If you encounter issues:

  1. Check logs for error messages:

    tail -100 cleanup_jobs.log | grep -i error
    

  2. Run in debug mode:

    python cleanup_jobs.py --verbose --dry-run
    

  3. Verify installation:

    python -c "import cleanup_jobs; print('Script OK')"
    

  4. Test database connection:

    sqlite3 jobs.db ".tables"
    

Best Practices

Regular Maintenance

  1. Weekly Review: Check cleanup summaries weekly

    # Review weekly summaries
    ls -lt cleanup_summary_*.json | head -7
    

  2. Monthly Analysis: Analyze trends monthly

    # Monthly space freed
    grep "Total disk space freed" cleanup_jobs.log | \
      awk '{print substr($1,1,7), $7}' | \
      awk '{a[$1]+=$2} END {for(i in a) print i, a[i]/1024 " GB"}'
    

  3. Quarterly Tuning: Adjust retention based on usage

    # Average job age at cleanup
    sqlite3 jobs.db "
    SELECT AVG(julianday(data_cleaned_at) - julianday(completed_at)) as avg_days
    FROM jobs WHERE data_cleaned_at IS NOT NULL;"
    

Safety Measures

  1. Always test with dry-run before changing retention:

    python cleanup_jobs.py --dry-run --success-retention-days 3
    

  2. Backup important results before they expire:

    # Archive jobs older than 5 days
    tar -czf backup_$(date +%Y%m%d).tar.gz \
      $(find results -maxdepth 1 -type d -mtime +5)
    

  3. Monitor disk usage proactively:

    # Set up disk usage alert
    USAGE=$(df /path/to/results | awk 'NR==2 {print $5}' | sed 's/%//')
    if [ $USAGE -gt 80 ]; then
      echo "Warning: Disk usage at ${USAGE}%" | mail -s "EEMT Disk Alert" admin@example.com
    fi
    

Performance Tips

  1. Schedule during low-usage periods: Run cleanup when system is idle

  2. Adjust batch size for your system:

    # Smaller batches for limited resources
    export EEMT_CLEANUP_BATCH_SIZE=25
    
    # Larger batches for powerful systems
    export EEMT_CLEANUP_BATCH_SIZE=200
    

  3. Use nice for background cleanup:

    nice -n 10 python cleanup_jobs.py
    

  4. Implement staged cleanup for very large deployments:

    # Clean failed jobs first (usually smaller)
    python cleanup_jobs.py --success-retention-days 999 --failed-retention-hours 12
    
    # Then clean successful jobs
    python cleanup_jobs.py --success-retention-days 7 --failed-retention-hours 999
    

Summary

The EEMT cleanup scripts provide flexible, automated management of job data to maintain optimal system performance.

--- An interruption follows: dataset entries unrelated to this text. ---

(* Let $\mathcal{G}=(G,\lambda)$ be a simple temporal clique, $G=(V,E)$, let $\mathcal{T}^-=(V,E^-_T)$ be obtained by the forward construction and $\mathcal{T}^+=(V,E^+_T)$ by the backward construction, let $X^-$ be the set of emitters and $X^+$ the set of collectors, and let $E_H=\{\{u,v\}\in E: u\in X^-, v\in X^+\}$. Then the bidirectional fireworks cover $S=\{\{u,v\}:(u,v)\in E^-_T\cup E^+_T\}\cup E_H$ is a temporal spanner of $\mathcal{G}$.
   Context: A simple temporal clique is a pair $\mathcal{G}=(G,\lambda)$ where $G=(V,E)$ is the complete graph on a finite vertex set $V$ and $\lambda:E\to\mathbb{N}$ assigns to each edge a single integer label such that any two distinct edges sharing an endpoint have different labels; the label of an arc $(x,y)$ is $\lambda(\{x,y\})$. A journey from $x$ to $y$ is a sequence of vertices $x=u_0,\dots,u_k=y$ ($k\ge1$) with $\lambda(\{u_{i-1},u_i\})<\lambda(\{u_i,u_{i+1}\})$ for $1\le i<k$. A set $E'\subseteq E$ is a temporal spanner of $\mathcal{G}$ if for every ordered pair of distinct vertices $x,y$ there is a journey from $x$ to $y$ using only edges of $E'$. For a vertex $v$, $e^-(v)$ (resp. $e^+(v)$) is the edge incident to $v$ with smallest (resp. largest) label. Forward construction: let $E^-$ be the set of arcs $(u,v)$ with $\{u,v\}=e^-(v)$, except that if $e^-(u)=e^-(v)=\{u,v\}$ only one of $(u,v),(v,u)$ is included (arbitrarily). Initialize $E^-_T:=E^-$; for every vertex $v$ of out-degree at least $2$ in $(V,E^-)$, with out-arcs $(v,u_1),\dots,(v,u_\ell)$ where $(v,u_\ell)$ has the largest label, for each $i<\ell$: if $u_i$ has out-degree $0$ in $(V,E^-)$ replace $(v,u_i)$ by $(u_i,v)$ in $E^-_T$, otherwise remove $(v,u_i)$ from $E^-_T$. Emitters are vertices of out-degree $0$ in $(V,E^-_T)$. Backward construction: let $E^+$ be the set of arcs $(v,u)$ with $\{u,v\}=e^+(v)$, except that if $e^+(u)=e^+(v)=\{u,v\}$ only one of $(u,v),(v,u)$ is included (arbitrarily). Initialize $E^+_T:=E^+$; for every vertex $v$ of in-degree at least $2$ in $(V,E^+)$, with in-arcs $(u_1,v),\dots,(u_\ell,v)$ where $(u_\ell,v)$ has the smallest label, for each $i<\ell$: if $u_i$ has in-degree $0$ in $(V,E^+)$ replace $(u_i,v)$ by $(v,u_i)$ in $E^+_T$, otherwise remove $(u_i,v)$ from $E^+_T$. Collectors are vertices of in-degree $0$ in $(V,E^+_T)$. *)

theory Defs
  imports Main
begin

text \<open>Vertices have type 'a; V is the finite vertex set; edges are two-element sets;
  lam is the labelling (only its values on clique edges matter). Arcs are pairs.\<close>

definition clique_edges :: "'a set \<Rightarrow> 'a set set" where
  "clique_edges V = {{u, v} | u v. u \<in> V \<and> v \<in> V \<and> u \<noteq> v}"

definition simple_temporal_clique :: "'a set \<Rightarrow> ('a set \<Rightarrow> nat) \<Rightarrow> bool" where
  "simple_temporal_clique V lam \<longleftrightarrow> finite V \<and>
     (\<forall>e \<in> clique_edges V. \<forall>f \<in> clique_edges V. e \<noteq> f \<and> e \<inter> f \<noteq> {} \<longrightarrow> lam e \<noteq> lam f)"

definition e_min :: "'a set \<Rightarrow> ('a set \<Rightarrow> nat) \<Rightarrow> 'a \<Rightarrow> 'a set" where
  "e_min V lam v = arg_min_on lam {e \<in> clique_edges V. v \<in> e}"

definition e_max :: "'a set \<Rightarrow> ('a set \<Rightarrow> nat) \<Rightarrow> 'a \<Rightarrow> 'a set" where
  "e_max V lam v = arg_max_on lam {e \<in> clique_edges V. v \<in> e}"

definition minus_arcs :: "'a set \<Rightarrow> ('a set \<Rightarrow> nat) \<Rightarrow> ('a \<times> 'a) set" where
  "minus_arcs V lam = {(u, v). u \<in> V \<and> v \<in> V \<and> u \<noteq> v \<and> {u, v} = e_min V lam v}"

definition plus_arcs :: "'a set \<Rightarrow> ('a set \<Rightarrow> nat) \<Rightarrow> ('a \<times> 'a) set" where
  "plus_arcs V lam = {(v, u). u \<in> V \<and> v \<in> V \<and> u \<noteq> v \<and> {u, v} = e_max V lam v}"

text \<open>A is an admissible choice from the candidate arcs C: every candidate arc is kept,
  except that of two opposite candidate arcs exactly one is kept (arbitrarily).\<close>
definition valid_choice :: "('a \<times> 'a) set \<Rightarrow> ('a \<times> 'a) set \<Rightarrow> bool" where
  "valid_choice C A \<longleftrightarrow> A \<subseteq> C \<and>
     (\<forall>u v. (u, v) \<in> C \<longrightarrow> (u, v) \<in> A \<or> (v, u) \<in> A) \<and>
     (\<forall>u v. (u, v) \<in> A \<longrightarrow> (v, u) \<notin> A)"

definition outdeg :: "('a \<times> 'a) set \<Rightarrow> 'a \<Rightarrow> nat" where
  "outdeg A v = card {u. (v, u) \<in> A}"

definition indeg :: "('a \<times> 'a) set \<Rightarrow> 'a \<Rightarrow> nat" where
  "indeg A v = card {u. (u, v) \<in> A}"

text \<open>Forward construction E^-_T from E^- (= A): for v of out-degree at least 2, every
  out-arc (v,u) other than the one of largest label is reversed if u has out-degree 0
  in A, and removed otherwise.\<close>
definition forward_tree :: "('a set \<Rightarrow> nat) \<Rightarrow> ('a \<times> 'a) set \<Rightarrow> ('a \<times> 'a) set" where
  "forward_tree lam A =
     {(v, u). (v, u) \<in> A \<and>
        (outdeg A v < 2 \<or> (\<forall>w. (v, w) \<in> A \<longrightarrow> lam {v, w} \<le> lam {v, u}))}
   \<union> {(u, v). (v, u) \<in> A \<and> outdeg A v \<ge> 2 \<and>
        \<not> (\<forall>w. (v, w) \<in> A \<longrightarrow> lam {v, w} \<le> lam {v, u}) \<and> outdeg A u = 0}"

text \<open>Backward construction E^+_T from E^+ (= B): for v of in-degree at least 2, every
  in-arc (u,v) other than the one of smallest label is reversed if u has in-degree 0
  in B, and removed otherwise.\<close>
definition backward_tree :: "('a set \<Rightarrow> nat) \<Rightarrow> ('a \<times> 'a) set \<Rightarrow> ('a \<times> 'a) set" where
  "backward_tree lam B =
     {(u, v). (u, v) \<in> B \<and>
        (indeg B v < 2 \<or> (\<forall>w. (w, v) \<in> B \<longrightarrow> lam {u, v} \<le> lam {w, v}))}
   \<union> {(v, u). (u, v) \<in> B \<and> indeg B v \<ge> 2 \<and>
        \<not> (\<forall>w. (w, v) \<in> B \<longrightarrow> lam {u, v} \<le> lam {w, v}) \<and> indeg B u = 0}"

definition emitters :: "'a set \<Rightarrow> ('a \<times> 'a) set \<Rightarrow> 'a set" where
  "emitters V T = {v \<in> V. outdeg T v = 0}"

definition collectors :: "'a set \<Rightarrow> ('a \<times> 'a) set \<Rightarrow> 'a set" where
  "collectors V T = {v \<in> V. indeg T v = 0}"

definition journey :: "('a set \<Rightarrow> nat) \<Rightarrow> 'a set set \<Rightarrow> 'a list \<Rightarrow> 'a \<Rightarrow> 'a \<Rightarrow> bool" where
  "journey lam E' p x y \<longleftrightarrow> length p \<ge> 2 \<and> hd p = x \<and> last p = y \<and>
     (\<forall>i. i + 1 < length p \<longrightarrow> {p ! i, p ! (i + 1)} \<in> E') \<and>
     (\<forall>i. i + 2 < length p \<longrightarrow> lam {p ! i, p ! (i + 1)} < lam {p ! (i + 1), p ! (i + 2)})"

definition temporal_spanner :: "'a set \<Rightarrow> ('a set \<Rightarrow> nat) \<Rightarrow> 'a set set \<Rightarrow> bool" where
  "temporal_spanner V lam E' \<longleftrightarrow> E' \<subseteq> clique_edges V \<and>
     (\<forall>x \<in> V. \<forall>y \<in> V. x \<noteq> y \<longrightarrow> (\<exists>p. journey lam E' p x y))"

end

theory Submission
  imports Defs
begin

(* Labels strictly increase along consecutive arcs of E^-_T, so following them from any vertex
   ends at an emitter u, the last edge being e^-(u), the earliest edge at u. Dually, following
   arcs of E^+_T backwards from any vertex ends at a collector v, the first edge being e^+(v),
   the latest edge at v. Hence the hub edge {u,v} fits in time between the two halves; when it
   coincides with e^-(u) or e^+(v), or when u = v, the corresponding step is simply skipped. *)

section \<open>Temporal reachability\<close>

(* temporal_reach lam E x s z t: starting at x at time s one can be at z at time t, crossing
   each edge e of E at time lam e and leaving its far end from time lam e + 1 on. *)
inductive temporal_reach :: "('a set \<Rightarrow> nat) \<Rightarrow> 'a set set \<Rightarrow> 'a \<Rightarrow> nat \<Rightarrow> 'a \<Rightarrow> nat \<Rightarrow> bool"
  for lam E where
  wait: "s \<le> t \<Longrightarrow> temporal_reach lam E x s x t"
| edge: "{x, y} \<in> E \<Longrightarrow> s \<le> lam {x, y} \<Longrightarrow> temporal_reach lam E y (Suc (lam {x, y})) z t
          \<Longrightarrow> temporal_reach lam E x s z t"

lemma temporal_reach_start_mono:
  "temporal_reach lam E x s z t \<Longrightarrow> s' \<le> s \<Longrightarrow> temporal_reach lam E x s' z t"
  by (induction rule: temporal_reach.induct) (auto intro: temporal_reach.intros)

lemma temporal_reach_trans:
  "temporal_reach lam E x s y t \<Longrightarrow> temporal_reach lam E y t z r \<Longrightarrow> temporal_reach lam E x s z r"
  by (induction rule: temporal_reach.induct) (auto intro: temporal_reach.edge temporal_reach_start_mono)

lemma temporal_reach_end_mono:
  "temporal_reach lam E x s z t \<Longrightarrow> t \<le> t' \<Longrightarrow> temporal_reach lam E x s z t'"
  by (blast intro: temporal_reach_trans temporal_reach.wait)

lemma temporal_reach_edge:
  "{x, y} \<in> E \<Longrightarrow> s \<le> lam {x, y} \<Longrightarrow> lam {x, y} < t \<Longrightarrow> temporal_reach lam E x s y t"
  by (rule temporal_reach.edge) (auto intro: temporal_reach.wait)

lemma temporal_reach_across_edge:
  assumes "temporal_reach lam E x s a (lam {a, b}) \<or> temporal_reach lam E x s b (lam {a, b})"
    and "temporal_reach lam E a (Suc (lam {a, b})) y t \<or> temporal_reach lam E b (Suc (lam {a, b})) y t"
    and "{a, b} \<in> E"
  shows "temporal_reach lam E x s y t"
proof -
  have "temporal_reach lam E a (lam {a, b}) c (Suc (lam {a, b}))"
    and "temporal_reach lam E b (lam {a, b}) c (Suc (lam {a, b}))" if "c \<in> {a, b}" for c
    using that assms(3) by (auto intro: temporal_reach_edge temporal_reach.wait simp: insert_commute)
  then show ?thesis
    using assms(1,2) by (blast intro: temporal_reach_trans)
qed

Key points:

  • Simple setup: One command to enable automated cleanup
  • Configurable retention: Adjust to your needs
  • Safe operation: Dry-run mode and job config preservation
  • Multiple scheduling options: Cron, systemd, or manual
  • Comprehensive logging: Full visibility into cleanup operations

Regular use of these cleanup scripts ensures your EEMT deployment remains efficient and responsive even with high job volumes.